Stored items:
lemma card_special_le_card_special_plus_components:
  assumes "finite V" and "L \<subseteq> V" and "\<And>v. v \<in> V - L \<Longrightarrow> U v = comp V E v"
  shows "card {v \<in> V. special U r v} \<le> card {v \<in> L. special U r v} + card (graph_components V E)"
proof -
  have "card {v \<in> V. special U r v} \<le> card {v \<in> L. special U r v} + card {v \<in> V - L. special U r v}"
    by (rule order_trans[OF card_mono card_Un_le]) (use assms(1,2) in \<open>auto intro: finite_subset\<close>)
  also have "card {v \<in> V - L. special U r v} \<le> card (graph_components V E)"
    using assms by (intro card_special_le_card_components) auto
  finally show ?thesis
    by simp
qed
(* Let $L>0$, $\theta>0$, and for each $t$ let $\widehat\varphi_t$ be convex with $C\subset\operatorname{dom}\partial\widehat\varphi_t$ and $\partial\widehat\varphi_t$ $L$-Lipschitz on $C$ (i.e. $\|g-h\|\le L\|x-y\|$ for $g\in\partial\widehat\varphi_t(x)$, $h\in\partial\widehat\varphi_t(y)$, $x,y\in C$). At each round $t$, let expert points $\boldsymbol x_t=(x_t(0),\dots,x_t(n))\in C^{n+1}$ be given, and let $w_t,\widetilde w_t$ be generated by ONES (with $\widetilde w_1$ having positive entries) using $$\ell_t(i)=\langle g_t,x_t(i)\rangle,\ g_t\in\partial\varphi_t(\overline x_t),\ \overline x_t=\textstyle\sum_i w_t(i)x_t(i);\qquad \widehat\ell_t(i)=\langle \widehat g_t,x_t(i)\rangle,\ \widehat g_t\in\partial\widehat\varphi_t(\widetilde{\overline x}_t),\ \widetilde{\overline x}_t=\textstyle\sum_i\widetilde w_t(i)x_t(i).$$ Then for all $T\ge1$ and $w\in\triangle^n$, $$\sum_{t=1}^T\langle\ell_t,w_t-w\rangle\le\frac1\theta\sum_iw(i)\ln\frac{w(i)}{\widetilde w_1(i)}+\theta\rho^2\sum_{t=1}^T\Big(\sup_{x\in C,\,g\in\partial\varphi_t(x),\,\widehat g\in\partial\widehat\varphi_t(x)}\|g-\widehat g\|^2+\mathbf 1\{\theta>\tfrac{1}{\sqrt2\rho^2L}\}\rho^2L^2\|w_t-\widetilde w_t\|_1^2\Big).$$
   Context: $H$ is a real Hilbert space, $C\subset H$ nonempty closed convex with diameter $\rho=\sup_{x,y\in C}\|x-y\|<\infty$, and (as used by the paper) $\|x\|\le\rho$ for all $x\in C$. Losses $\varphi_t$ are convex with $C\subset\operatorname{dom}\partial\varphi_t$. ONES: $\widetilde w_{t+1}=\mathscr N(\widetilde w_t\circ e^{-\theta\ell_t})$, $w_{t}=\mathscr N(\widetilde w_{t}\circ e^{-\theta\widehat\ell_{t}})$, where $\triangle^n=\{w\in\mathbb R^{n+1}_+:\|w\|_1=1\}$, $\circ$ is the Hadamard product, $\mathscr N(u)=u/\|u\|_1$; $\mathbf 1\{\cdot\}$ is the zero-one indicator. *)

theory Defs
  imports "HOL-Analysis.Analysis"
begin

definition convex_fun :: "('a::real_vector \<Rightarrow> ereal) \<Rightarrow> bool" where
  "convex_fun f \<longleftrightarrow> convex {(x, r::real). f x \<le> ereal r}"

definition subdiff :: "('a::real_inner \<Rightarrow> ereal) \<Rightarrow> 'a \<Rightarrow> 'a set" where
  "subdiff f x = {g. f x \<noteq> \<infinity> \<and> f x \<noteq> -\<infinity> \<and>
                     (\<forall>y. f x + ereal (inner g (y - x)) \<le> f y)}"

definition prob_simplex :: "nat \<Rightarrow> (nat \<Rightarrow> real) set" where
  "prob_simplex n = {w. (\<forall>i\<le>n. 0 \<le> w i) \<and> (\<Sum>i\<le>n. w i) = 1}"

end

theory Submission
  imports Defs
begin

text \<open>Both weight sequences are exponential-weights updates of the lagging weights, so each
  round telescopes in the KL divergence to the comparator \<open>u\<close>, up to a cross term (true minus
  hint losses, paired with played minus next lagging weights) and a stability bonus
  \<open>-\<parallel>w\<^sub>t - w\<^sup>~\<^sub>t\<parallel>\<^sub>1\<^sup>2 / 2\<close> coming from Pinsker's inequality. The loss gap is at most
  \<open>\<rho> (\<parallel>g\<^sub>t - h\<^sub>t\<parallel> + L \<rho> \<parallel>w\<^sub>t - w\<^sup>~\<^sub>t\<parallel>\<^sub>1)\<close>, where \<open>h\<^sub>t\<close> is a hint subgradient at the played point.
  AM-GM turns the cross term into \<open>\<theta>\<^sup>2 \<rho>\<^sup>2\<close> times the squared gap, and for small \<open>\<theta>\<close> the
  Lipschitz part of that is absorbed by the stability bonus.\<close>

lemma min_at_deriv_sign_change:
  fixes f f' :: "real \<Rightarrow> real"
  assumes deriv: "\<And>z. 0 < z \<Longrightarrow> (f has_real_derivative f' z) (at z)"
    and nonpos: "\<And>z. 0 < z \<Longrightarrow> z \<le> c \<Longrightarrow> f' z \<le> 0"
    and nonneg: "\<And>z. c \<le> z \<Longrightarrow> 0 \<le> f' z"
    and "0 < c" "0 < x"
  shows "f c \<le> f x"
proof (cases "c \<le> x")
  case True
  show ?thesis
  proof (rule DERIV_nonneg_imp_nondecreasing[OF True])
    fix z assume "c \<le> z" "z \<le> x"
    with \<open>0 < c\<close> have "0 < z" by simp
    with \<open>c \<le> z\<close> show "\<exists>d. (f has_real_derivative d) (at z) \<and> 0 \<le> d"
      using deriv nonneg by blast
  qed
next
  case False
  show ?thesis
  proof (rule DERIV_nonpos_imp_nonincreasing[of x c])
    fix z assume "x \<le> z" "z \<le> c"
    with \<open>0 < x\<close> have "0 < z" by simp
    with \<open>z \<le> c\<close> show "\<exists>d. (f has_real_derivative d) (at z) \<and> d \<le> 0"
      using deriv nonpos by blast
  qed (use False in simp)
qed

---

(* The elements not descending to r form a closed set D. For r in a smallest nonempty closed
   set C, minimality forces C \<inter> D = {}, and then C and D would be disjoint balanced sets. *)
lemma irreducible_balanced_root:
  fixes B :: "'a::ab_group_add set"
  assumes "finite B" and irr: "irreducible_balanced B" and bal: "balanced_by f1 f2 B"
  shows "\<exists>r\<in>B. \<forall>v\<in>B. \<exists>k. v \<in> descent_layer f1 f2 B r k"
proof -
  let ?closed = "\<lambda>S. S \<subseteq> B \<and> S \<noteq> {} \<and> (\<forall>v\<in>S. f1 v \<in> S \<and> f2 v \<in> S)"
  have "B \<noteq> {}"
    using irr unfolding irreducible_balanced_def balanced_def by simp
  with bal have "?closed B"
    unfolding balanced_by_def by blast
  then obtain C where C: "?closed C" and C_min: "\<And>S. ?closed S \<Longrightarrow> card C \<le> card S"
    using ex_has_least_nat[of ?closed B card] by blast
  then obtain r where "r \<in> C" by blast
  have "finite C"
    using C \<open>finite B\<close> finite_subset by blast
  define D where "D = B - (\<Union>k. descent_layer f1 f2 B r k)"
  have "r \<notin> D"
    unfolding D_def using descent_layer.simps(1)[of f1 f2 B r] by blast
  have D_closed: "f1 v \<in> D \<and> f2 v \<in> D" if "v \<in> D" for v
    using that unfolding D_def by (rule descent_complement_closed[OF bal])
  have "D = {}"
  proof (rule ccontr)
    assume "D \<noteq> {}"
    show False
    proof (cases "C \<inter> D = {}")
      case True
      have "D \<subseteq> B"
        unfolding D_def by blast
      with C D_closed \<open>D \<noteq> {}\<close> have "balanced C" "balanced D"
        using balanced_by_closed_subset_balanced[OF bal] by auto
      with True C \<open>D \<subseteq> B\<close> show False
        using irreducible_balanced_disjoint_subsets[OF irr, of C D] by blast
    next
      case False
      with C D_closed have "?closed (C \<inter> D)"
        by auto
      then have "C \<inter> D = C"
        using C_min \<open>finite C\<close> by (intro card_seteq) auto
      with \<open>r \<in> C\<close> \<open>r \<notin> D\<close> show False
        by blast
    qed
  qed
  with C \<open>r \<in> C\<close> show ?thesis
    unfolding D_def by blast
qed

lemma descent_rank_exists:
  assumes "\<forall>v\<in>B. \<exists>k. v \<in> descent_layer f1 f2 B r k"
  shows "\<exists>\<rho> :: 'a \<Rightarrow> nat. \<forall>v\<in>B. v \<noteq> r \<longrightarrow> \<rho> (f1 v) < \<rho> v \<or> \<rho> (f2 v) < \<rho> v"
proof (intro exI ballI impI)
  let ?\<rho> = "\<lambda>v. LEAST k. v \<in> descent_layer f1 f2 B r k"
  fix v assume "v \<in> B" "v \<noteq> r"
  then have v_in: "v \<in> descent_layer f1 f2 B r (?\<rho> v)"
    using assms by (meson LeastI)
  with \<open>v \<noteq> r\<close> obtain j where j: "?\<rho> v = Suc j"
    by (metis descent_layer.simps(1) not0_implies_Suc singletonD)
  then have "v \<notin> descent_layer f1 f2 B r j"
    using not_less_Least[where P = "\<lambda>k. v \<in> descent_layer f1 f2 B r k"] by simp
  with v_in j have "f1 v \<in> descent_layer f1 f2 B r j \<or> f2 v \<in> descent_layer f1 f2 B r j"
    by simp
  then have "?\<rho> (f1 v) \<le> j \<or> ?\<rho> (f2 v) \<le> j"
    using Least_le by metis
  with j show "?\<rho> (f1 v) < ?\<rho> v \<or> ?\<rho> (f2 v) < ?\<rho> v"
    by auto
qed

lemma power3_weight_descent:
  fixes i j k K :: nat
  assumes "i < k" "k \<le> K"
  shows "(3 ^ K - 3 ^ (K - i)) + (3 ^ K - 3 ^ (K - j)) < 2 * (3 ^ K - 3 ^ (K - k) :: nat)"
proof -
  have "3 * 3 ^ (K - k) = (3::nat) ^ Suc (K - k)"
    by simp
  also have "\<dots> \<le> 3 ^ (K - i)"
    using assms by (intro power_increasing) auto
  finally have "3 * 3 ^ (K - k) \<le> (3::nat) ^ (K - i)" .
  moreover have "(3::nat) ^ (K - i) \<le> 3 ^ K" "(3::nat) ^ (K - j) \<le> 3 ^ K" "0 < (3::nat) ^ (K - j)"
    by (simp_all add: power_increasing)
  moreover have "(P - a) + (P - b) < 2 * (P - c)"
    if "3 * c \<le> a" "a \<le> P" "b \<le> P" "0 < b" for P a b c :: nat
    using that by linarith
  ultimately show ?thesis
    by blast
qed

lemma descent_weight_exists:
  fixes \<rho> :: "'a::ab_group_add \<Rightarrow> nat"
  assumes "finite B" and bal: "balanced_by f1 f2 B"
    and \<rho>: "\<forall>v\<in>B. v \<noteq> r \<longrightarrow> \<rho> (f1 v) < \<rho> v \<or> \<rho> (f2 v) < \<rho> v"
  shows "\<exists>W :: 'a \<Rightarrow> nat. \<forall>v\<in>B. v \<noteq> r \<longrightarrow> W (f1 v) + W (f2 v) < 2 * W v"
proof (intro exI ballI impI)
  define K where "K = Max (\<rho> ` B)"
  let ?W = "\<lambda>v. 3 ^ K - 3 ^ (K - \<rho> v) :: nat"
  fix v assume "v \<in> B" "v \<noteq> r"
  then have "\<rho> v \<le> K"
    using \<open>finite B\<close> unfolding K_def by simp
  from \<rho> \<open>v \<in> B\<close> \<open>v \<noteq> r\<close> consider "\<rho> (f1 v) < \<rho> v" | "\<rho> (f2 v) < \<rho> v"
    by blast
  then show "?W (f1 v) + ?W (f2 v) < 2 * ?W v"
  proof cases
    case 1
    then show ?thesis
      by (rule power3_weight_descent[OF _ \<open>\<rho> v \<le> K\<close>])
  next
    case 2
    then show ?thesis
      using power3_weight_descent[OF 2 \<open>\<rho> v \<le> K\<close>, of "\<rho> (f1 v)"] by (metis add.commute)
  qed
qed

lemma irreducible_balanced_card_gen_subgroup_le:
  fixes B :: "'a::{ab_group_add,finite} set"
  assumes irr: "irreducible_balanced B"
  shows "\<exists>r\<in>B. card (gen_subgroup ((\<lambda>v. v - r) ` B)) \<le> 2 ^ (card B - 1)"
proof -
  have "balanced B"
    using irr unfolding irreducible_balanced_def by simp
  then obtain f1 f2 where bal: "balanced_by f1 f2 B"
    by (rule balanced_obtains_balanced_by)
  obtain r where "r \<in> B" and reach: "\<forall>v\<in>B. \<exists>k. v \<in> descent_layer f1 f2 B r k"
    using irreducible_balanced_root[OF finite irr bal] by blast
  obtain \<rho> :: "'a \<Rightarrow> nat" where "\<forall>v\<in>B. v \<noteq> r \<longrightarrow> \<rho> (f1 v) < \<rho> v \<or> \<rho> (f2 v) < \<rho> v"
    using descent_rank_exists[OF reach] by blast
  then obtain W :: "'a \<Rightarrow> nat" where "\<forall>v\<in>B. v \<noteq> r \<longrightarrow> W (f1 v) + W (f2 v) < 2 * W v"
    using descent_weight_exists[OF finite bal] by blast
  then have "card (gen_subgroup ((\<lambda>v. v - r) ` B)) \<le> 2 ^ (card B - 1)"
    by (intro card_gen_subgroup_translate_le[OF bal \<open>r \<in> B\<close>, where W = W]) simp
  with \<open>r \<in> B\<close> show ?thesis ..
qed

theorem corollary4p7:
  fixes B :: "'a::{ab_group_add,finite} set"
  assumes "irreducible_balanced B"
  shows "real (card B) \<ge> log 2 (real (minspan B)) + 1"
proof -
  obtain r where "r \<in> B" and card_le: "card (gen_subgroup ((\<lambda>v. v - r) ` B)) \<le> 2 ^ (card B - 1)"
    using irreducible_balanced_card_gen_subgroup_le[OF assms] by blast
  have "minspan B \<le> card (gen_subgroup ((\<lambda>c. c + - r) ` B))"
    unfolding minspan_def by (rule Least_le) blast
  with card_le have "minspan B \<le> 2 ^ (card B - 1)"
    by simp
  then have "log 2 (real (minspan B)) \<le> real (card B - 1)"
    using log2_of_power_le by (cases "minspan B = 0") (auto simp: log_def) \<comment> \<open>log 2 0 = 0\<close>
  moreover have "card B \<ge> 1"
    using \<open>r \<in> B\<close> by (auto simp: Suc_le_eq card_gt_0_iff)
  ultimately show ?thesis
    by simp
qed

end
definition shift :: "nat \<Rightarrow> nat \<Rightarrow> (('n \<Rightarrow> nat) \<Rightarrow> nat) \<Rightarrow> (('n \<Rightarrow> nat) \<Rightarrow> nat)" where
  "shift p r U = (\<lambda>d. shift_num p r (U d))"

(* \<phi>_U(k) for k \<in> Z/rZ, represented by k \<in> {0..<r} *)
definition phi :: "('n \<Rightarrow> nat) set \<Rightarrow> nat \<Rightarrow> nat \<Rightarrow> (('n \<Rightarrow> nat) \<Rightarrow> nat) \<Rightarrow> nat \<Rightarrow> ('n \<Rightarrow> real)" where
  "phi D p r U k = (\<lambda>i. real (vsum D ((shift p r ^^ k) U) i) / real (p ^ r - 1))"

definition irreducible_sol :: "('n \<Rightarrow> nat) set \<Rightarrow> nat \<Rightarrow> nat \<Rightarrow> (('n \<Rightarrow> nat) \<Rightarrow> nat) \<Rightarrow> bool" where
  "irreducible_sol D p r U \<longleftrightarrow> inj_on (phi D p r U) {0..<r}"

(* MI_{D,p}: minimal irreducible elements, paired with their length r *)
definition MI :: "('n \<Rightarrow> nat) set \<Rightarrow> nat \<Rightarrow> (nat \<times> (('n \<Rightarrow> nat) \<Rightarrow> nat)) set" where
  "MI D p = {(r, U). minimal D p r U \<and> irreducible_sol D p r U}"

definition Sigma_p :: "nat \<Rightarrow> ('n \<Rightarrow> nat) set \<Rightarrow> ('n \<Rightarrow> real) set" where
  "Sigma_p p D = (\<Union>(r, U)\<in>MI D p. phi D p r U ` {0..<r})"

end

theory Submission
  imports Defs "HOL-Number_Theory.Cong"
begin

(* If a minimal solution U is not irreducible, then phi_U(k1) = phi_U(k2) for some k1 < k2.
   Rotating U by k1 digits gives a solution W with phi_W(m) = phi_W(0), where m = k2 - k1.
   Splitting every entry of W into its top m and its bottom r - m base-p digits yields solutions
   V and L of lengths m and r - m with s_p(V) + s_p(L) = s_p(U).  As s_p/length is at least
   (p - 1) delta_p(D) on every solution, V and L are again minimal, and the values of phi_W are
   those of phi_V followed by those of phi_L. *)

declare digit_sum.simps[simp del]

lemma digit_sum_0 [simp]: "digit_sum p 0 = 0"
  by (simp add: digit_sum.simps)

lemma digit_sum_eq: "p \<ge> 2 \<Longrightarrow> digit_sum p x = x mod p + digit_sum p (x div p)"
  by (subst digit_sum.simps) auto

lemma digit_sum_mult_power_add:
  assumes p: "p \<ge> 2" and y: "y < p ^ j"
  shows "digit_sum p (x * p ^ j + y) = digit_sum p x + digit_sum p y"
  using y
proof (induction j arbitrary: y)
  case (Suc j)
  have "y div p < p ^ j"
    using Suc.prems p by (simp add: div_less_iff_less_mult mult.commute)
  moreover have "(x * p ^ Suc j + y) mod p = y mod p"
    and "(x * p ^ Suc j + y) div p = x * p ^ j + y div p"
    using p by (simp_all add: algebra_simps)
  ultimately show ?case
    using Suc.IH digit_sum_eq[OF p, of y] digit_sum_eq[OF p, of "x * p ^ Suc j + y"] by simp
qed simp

==

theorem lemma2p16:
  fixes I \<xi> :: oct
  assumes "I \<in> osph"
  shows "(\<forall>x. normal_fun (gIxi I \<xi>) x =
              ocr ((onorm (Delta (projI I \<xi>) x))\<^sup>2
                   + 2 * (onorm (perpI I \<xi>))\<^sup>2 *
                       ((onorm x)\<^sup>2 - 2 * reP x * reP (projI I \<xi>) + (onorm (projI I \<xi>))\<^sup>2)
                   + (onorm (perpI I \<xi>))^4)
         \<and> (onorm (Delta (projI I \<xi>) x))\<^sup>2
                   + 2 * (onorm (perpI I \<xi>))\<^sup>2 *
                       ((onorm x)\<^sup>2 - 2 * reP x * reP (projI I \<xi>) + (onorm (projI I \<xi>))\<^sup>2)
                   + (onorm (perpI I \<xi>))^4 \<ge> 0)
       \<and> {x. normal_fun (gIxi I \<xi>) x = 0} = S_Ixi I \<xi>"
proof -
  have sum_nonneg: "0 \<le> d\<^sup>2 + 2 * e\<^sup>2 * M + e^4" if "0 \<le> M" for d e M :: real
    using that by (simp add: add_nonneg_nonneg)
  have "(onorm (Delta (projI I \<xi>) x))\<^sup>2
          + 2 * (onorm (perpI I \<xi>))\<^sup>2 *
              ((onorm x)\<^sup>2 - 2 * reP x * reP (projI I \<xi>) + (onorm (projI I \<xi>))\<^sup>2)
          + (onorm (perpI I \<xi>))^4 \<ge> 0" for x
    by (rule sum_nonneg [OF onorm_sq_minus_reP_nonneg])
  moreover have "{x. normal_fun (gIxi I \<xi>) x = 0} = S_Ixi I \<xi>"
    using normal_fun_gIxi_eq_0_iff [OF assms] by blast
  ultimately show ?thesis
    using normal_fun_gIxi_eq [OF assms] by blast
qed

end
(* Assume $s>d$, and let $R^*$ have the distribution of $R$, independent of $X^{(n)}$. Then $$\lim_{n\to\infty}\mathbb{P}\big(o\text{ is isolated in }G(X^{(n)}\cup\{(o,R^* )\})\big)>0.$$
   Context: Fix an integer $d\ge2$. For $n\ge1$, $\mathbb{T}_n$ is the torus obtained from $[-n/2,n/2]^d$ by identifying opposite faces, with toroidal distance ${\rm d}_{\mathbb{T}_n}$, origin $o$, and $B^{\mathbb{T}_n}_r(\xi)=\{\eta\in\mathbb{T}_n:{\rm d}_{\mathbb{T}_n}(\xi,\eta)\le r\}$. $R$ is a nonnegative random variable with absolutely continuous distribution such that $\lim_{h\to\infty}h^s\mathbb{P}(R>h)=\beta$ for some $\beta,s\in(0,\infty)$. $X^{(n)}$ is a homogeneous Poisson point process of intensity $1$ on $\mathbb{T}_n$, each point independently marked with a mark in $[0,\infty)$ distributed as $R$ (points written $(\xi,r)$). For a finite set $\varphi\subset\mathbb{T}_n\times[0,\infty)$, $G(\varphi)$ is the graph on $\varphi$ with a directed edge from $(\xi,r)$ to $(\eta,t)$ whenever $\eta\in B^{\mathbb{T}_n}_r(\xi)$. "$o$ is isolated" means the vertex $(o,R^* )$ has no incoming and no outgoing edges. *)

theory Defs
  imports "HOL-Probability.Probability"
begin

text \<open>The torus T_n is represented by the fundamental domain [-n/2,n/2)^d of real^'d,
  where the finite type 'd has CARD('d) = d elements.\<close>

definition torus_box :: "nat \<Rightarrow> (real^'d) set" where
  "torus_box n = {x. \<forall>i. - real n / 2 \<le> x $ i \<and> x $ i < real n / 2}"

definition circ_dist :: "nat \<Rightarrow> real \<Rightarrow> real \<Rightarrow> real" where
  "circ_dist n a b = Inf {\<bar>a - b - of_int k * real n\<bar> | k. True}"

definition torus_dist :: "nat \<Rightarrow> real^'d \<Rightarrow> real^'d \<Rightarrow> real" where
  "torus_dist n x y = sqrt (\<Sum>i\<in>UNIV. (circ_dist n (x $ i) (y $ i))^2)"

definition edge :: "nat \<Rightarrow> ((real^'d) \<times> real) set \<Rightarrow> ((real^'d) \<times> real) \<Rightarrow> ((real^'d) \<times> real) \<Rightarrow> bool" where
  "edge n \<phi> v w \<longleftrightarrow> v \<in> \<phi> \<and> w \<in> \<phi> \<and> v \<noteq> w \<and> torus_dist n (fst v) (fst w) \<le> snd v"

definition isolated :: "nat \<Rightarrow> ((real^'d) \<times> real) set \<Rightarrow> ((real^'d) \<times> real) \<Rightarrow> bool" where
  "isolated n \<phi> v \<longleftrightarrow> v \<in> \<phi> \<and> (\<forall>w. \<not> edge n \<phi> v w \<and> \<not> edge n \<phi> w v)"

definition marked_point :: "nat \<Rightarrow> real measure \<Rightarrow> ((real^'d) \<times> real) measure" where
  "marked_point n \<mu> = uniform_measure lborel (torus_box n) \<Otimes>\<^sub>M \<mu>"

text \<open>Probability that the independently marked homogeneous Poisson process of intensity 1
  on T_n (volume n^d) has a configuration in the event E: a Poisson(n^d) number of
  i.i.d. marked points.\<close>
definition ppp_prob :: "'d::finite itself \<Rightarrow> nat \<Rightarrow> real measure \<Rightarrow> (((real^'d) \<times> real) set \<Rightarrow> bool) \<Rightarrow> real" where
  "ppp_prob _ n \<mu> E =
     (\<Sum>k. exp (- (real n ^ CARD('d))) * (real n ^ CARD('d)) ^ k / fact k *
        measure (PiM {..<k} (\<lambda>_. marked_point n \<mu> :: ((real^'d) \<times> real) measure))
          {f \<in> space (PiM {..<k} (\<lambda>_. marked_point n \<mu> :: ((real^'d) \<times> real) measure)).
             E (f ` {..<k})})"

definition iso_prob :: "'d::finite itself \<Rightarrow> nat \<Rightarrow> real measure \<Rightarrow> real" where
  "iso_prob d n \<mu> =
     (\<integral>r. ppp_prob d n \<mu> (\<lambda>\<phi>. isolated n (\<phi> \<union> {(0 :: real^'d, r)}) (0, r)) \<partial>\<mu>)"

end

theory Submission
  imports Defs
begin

Task to complete:
A single number is the whole answer here: the number of lines in the data that include "stability".

Task solution:
2